** Provided data follows **
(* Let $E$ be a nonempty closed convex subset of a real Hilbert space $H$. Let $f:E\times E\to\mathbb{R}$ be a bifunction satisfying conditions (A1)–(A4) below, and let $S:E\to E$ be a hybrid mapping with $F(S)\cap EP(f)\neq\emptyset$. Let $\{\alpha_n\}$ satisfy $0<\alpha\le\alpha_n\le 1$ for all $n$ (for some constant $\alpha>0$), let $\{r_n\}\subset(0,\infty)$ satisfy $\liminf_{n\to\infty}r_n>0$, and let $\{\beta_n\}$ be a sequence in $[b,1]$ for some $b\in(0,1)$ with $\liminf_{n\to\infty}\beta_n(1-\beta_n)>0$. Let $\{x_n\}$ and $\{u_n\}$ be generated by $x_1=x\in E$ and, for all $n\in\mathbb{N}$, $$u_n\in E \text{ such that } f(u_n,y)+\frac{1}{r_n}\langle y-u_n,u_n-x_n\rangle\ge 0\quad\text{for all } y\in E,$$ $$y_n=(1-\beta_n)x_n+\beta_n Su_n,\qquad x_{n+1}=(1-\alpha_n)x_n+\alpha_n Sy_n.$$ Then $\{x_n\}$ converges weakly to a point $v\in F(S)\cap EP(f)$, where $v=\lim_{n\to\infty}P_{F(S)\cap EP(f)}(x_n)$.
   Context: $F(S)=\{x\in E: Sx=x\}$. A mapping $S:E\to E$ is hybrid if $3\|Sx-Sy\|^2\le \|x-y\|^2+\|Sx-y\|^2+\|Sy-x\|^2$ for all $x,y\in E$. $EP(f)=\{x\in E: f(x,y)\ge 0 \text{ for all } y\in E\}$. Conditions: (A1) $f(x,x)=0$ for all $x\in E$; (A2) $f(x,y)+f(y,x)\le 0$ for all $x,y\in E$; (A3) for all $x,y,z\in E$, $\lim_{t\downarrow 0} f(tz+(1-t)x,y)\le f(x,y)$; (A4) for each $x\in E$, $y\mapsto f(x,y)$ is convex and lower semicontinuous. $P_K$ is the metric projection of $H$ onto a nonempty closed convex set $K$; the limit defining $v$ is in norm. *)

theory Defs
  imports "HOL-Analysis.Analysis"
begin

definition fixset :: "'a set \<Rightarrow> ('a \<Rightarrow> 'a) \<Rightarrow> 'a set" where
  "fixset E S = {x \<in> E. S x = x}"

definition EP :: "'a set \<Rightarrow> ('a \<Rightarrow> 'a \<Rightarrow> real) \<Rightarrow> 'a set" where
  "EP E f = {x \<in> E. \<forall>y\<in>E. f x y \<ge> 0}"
** End of Provided data **
** Provided data follows **
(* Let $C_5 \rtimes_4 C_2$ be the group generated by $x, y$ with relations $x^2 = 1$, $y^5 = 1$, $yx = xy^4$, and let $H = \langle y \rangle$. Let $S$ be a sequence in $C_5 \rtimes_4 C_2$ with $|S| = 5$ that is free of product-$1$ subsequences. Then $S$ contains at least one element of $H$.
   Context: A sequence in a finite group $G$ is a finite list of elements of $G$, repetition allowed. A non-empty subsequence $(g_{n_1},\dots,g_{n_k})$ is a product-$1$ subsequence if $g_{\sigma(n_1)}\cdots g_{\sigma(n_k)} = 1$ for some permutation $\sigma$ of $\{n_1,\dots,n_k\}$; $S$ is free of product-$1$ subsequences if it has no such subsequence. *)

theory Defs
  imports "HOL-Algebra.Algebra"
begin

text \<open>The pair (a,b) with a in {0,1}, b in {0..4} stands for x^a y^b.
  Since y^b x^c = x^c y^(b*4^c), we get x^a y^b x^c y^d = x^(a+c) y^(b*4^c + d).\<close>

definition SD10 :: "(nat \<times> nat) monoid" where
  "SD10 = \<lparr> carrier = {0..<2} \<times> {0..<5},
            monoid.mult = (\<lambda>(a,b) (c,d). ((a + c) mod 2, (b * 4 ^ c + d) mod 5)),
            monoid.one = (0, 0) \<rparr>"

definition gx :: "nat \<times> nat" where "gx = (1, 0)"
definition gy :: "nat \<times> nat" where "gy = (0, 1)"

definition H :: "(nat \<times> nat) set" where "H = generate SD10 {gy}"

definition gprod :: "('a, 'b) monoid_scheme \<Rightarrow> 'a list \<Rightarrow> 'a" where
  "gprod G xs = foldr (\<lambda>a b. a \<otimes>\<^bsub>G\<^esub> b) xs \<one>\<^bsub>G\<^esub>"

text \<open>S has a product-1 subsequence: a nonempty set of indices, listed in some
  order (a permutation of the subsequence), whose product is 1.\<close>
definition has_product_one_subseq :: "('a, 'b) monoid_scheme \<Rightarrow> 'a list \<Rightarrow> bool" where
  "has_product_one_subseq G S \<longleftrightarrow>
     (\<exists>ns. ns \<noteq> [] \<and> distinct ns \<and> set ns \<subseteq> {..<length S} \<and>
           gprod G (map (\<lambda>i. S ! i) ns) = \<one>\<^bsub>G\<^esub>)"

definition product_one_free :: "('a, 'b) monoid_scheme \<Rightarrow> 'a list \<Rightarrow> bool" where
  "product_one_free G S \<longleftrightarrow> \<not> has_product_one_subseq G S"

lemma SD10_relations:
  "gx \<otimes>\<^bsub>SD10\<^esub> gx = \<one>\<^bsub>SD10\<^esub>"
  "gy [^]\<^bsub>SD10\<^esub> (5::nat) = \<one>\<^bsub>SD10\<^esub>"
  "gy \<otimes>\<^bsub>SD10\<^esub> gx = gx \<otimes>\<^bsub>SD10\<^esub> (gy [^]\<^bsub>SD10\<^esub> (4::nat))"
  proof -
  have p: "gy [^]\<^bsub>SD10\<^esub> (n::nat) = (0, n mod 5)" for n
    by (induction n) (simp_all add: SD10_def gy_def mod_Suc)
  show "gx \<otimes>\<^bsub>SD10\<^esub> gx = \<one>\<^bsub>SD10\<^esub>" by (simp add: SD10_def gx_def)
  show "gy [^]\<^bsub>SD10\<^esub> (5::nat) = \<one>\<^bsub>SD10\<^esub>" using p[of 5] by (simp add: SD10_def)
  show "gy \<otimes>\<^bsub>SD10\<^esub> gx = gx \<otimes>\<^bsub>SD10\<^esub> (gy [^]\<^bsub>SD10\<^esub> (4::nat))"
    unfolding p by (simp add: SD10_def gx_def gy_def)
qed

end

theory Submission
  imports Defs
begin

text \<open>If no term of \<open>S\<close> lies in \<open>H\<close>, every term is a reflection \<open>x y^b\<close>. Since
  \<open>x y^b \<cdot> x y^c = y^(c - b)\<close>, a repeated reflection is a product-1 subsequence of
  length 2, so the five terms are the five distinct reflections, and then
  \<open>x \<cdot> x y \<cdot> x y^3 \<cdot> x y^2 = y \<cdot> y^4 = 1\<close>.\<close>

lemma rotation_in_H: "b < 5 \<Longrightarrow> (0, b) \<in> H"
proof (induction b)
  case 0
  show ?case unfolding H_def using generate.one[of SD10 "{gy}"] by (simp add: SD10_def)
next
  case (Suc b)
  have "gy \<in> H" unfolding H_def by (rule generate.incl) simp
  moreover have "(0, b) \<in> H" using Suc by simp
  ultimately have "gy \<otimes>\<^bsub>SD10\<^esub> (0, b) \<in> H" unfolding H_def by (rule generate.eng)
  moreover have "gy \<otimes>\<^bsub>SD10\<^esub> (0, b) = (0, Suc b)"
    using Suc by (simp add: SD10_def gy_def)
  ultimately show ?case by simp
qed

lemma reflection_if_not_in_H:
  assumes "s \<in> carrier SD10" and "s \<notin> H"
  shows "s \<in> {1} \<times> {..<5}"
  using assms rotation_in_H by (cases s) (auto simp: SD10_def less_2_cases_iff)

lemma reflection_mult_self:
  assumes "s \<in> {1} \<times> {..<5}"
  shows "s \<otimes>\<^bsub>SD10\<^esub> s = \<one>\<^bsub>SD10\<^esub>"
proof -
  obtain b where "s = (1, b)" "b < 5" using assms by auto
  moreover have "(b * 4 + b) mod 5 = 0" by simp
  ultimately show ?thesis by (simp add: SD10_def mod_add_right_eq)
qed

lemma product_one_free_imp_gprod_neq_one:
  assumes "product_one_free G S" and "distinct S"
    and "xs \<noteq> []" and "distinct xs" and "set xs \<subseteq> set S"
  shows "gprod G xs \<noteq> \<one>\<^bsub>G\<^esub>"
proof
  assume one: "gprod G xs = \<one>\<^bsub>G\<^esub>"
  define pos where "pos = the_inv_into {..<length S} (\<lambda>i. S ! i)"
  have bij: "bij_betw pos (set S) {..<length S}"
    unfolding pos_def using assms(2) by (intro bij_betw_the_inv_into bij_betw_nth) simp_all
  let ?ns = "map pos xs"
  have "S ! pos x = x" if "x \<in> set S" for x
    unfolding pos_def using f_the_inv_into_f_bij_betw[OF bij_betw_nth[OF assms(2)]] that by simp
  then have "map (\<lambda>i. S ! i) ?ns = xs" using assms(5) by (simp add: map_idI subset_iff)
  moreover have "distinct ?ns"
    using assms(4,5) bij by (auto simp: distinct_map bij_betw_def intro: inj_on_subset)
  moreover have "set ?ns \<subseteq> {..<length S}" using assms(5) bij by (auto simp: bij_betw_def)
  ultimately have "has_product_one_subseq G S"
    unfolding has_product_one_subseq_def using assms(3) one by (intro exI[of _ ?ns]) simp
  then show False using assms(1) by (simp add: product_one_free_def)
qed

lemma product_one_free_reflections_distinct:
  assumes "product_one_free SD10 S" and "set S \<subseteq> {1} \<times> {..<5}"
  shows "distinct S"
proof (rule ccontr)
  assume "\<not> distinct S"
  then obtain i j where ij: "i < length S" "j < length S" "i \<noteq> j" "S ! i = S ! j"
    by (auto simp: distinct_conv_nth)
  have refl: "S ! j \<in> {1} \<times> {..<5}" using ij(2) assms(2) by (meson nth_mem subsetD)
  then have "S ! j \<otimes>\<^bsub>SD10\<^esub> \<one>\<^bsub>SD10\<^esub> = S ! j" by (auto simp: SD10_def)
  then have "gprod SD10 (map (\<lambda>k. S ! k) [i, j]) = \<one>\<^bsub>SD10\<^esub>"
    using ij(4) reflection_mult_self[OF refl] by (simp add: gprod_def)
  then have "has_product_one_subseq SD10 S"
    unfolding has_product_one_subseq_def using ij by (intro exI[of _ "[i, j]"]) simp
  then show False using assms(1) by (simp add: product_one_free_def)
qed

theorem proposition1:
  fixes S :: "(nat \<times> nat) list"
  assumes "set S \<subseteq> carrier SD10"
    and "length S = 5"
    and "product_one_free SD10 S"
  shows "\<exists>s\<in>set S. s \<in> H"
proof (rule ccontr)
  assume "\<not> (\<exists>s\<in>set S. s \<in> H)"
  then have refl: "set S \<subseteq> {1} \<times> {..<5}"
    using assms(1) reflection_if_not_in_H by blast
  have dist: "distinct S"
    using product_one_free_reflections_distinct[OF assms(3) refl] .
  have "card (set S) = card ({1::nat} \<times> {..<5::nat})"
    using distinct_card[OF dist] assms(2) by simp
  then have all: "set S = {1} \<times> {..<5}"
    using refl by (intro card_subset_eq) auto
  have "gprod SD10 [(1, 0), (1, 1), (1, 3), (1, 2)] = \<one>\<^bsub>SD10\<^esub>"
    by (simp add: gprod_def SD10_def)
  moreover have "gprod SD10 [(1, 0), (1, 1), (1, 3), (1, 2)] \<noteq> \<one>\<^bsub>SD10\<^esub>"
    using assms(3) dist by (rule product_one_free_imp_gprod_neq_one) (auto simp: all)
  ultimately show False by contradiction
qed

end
** End of Provided data **
■ Problem requirements: Filter the data, keeping only the lines that contain "intro".

■ Task result:
    unfolding pos_def using assms(2) by (intro bij_betw_the_inv_into bij_betw_nth) simp_all
    using assms(4,5) bij by (auto simp: distinct_map bij_betw_def intro: inj_on_subset)
    unfolding has_product_one_subseq_def using assms(3) one by (intro exI[of _ ?ns]) simp
    unfolding has_product_one_subseq_def using ij by (intro exI[of _ "[i, j]"]) simp
    using refl by (intro card_subset_eq) auto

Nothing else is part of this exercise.